Berikut adalah kode yang diperbarui untuk referensi Anda: import numpy as np, panda as pd; n = 1000; B = 1000; y = np.random.rand (n); meansb = []; tertutup = np.zeros (n, dtype = bool); coverage = []; #begin loop untuk b dalam rentang (B): ib = np.random.choice (n, n, ganti = True); tertutup [ib] = Benar; coverage.append (covered.sum () * 1.0 / n); meanb = y [ib] .mean (); meansb.append (meanb); #end cakupan cetak loop [: 10]; cetak np.mean (meansb), pd.Series (y) .mean (); print (np.mean (meansb) - pd.Series (y) .mean ()) / pd.Series (y) .mean ();
Kochede

2

Ini adalah dua teknik resampling:

Dalam validasi silang, kami membagi data secara acak menjadi kfold dan ini membantu dalam overfitting, tetapi pendekatan ini memiliki kelemahan. Karena menggunakan sampel acak sehingga beberapa sampel menghasilkan kesalahan besar. Untuk meminimalkan CV memiliki teknik tetapi tidak begitu kuat dengan masalah klasifikasi.
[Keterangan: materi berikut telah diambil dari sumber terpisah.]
text \<open>The component (R_x)_a consists of the fractions f/x^k
  with f homogeneous of degree a + k * deg x, where deg x = indicator vector of F.\<close>

definition homogeneous :: "('v, 'k::field) mpoly \<Rightarrow> ('v \<Rightarrow> int) \<Rightarrow> bool" where
  "homogeneous f d \<longleftrightarrow> (\<forall>\<alpha>\<in>Poly_Mapping.keys f. \<forall>i. int (Poly_Mapping.lookup \<alpha> i) = d i)"

definition loc_comp :: "('v, 'k::field) mpoly set \<Rightarrow> 'v set \<Rightarrow> ('v \<Rightarrow> int)
    \<Rightarrow> (('v, 'k) mpoly \<times> nat) set set" where
  "loc_comp I F a = {frac I F f k | f k.
      homogeneous f (\<lambda>i. a i + int k * (if i \<in> F then 1 else 0))}"

definition G_neg :: "('v \<Rightarrow> int) \<Rightarrow> 'v set" where
  "G_neg a = {i. a i < 0}"

definition dim_le_1 :: "('v, 'k::field) mpoly set \<Rightarrow> 'v set \<Rightarrow> (('v, 'k) mpoly \<times> nat) set set \<Rightarrow> bool" where
  "dim_le_1 I F V \<longleftrightarrow> (\<exists>v\<in>V. \<forall>P\<in>V. \<exists>c. P = loc_smult I F c v)"

definition iso_to_K :: "('v, 'k::field) mpoly set \<Rightarrow> 'v set \<Rightarrow> (('v, 'k) mpoly \<times> nat) set set \<Rightarrow> bool" where
  "iso_to_K I F V \<longleftrightarrow> (\<exists>\<phi>. bij_betw \<phi> (UNIV :: 'k set) V \<and>
      (\<forall>c d. \<phi> (c + d) = loc_add I F (\<phi> c) (\<phi> d)) \<and>
      (\<forall>c d. \<phi> (c * d) = loc_smult I F c (\<phi> d)))"

end

theory Submission
  imports Defs
begin

text \<open>A fraction of degree \<open>a\<close> in \<open>R\<^sub>x\<close> is \<open>f / x\<^sup>k\<close> with \<open>f\<close> homogeneous of degree
  \<open>\<gamma> = a + k \<cdot> deg x\<close>, hence a scalar multiple of the single monomial \<open>X\<^sup>\<gamma>\<close>; such monomials
  exist, for large \<open>k\<close>, exactly when \<open>G\<^sub>a \<subseteq> F\<close>. Multiplying numerator and denominator by
  powers of \<open>x\<close> shows that \<open>c X\<^sup>\<gamma> / x\<^sup>k\<close> does not depend on \<open>k\<close>, so \<open>(R\<^sub>x)\<^sub>a\<close> is the image
  of a \<open>K\<close>-linear map \<open>K \<rightarrow> R\<^sub>x\<close> and is either \<open>K\<close> or \<open>0\<close>. It is \<open>0\<close> iff
  \<open>x\<^sup>m X\<^sup>\<gamma> \<in> I\<close> for some \<open>m\<close>, i.e. iff some minimal generator \<open>u\<close> divides \<open>X\<^sup>\<gamma>\<close> in the
  variables outside \<open>F\<close>, i.e. \<open>\<nu>\<^sub>j(u) \<le> a\<^sub>j\<close> for all \<open>j \<notin> F\<close>.\<close>

lemma is_ideal_zero: "is_ideal I \<Longrightarrow> 0 \<in> I"
  by (simp add: is_ideal_def)

lemma is_ideal_add: "is_ideal I \<Longrightarrow> f \<in> I \<Longrightarrow> g \<in> I \<Longrightarrow> f + g \<in> I"
  by (simp add: is_ideal_def)

lemma is_ideal_mult: "is_ideal I \<Longrightarrow> f \<in> I \<Longrightarrow> g * f \<in> I"
  by (simp add: is_ideal_def)

lemma is_ideal_uminus: "is_ideal I \<Longrightarrow> f \<in> I \<Longrightarrow> - f \<in> I"
  using is_ideal_mult[of I f "- 1"] by simp

lemma monomial_ideal_is_ideal: "monomial_ideal I \<Longrightarrow> is_ideal I"
  by (simp add: monomial_ideal_def)

lemma monom_mult: "monom \<alpha> * (monom \<beta> :: ('v, 'k::field) mpoly) = monom (\<alpha> + \<beta>)"
  by (simp add: monom_def mult_single)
Bootstrap membantu dalam hal ini, ia memperbaiki kesalahan dari pemeriksaan sampel sendiri .. untuk detail silakan merujuk ..

https://lagunita.stanford.edu/c4x/HumanitiesScience/StatLearning/asset/cv_boot.pdf

Dengan menggunakan situs kami, Anda mengakui telah membaca dan memahami Kebijakan Cookie dan Kebijakan Privasi kami.
Licensed under cc by-sa 3.0 with attribution required.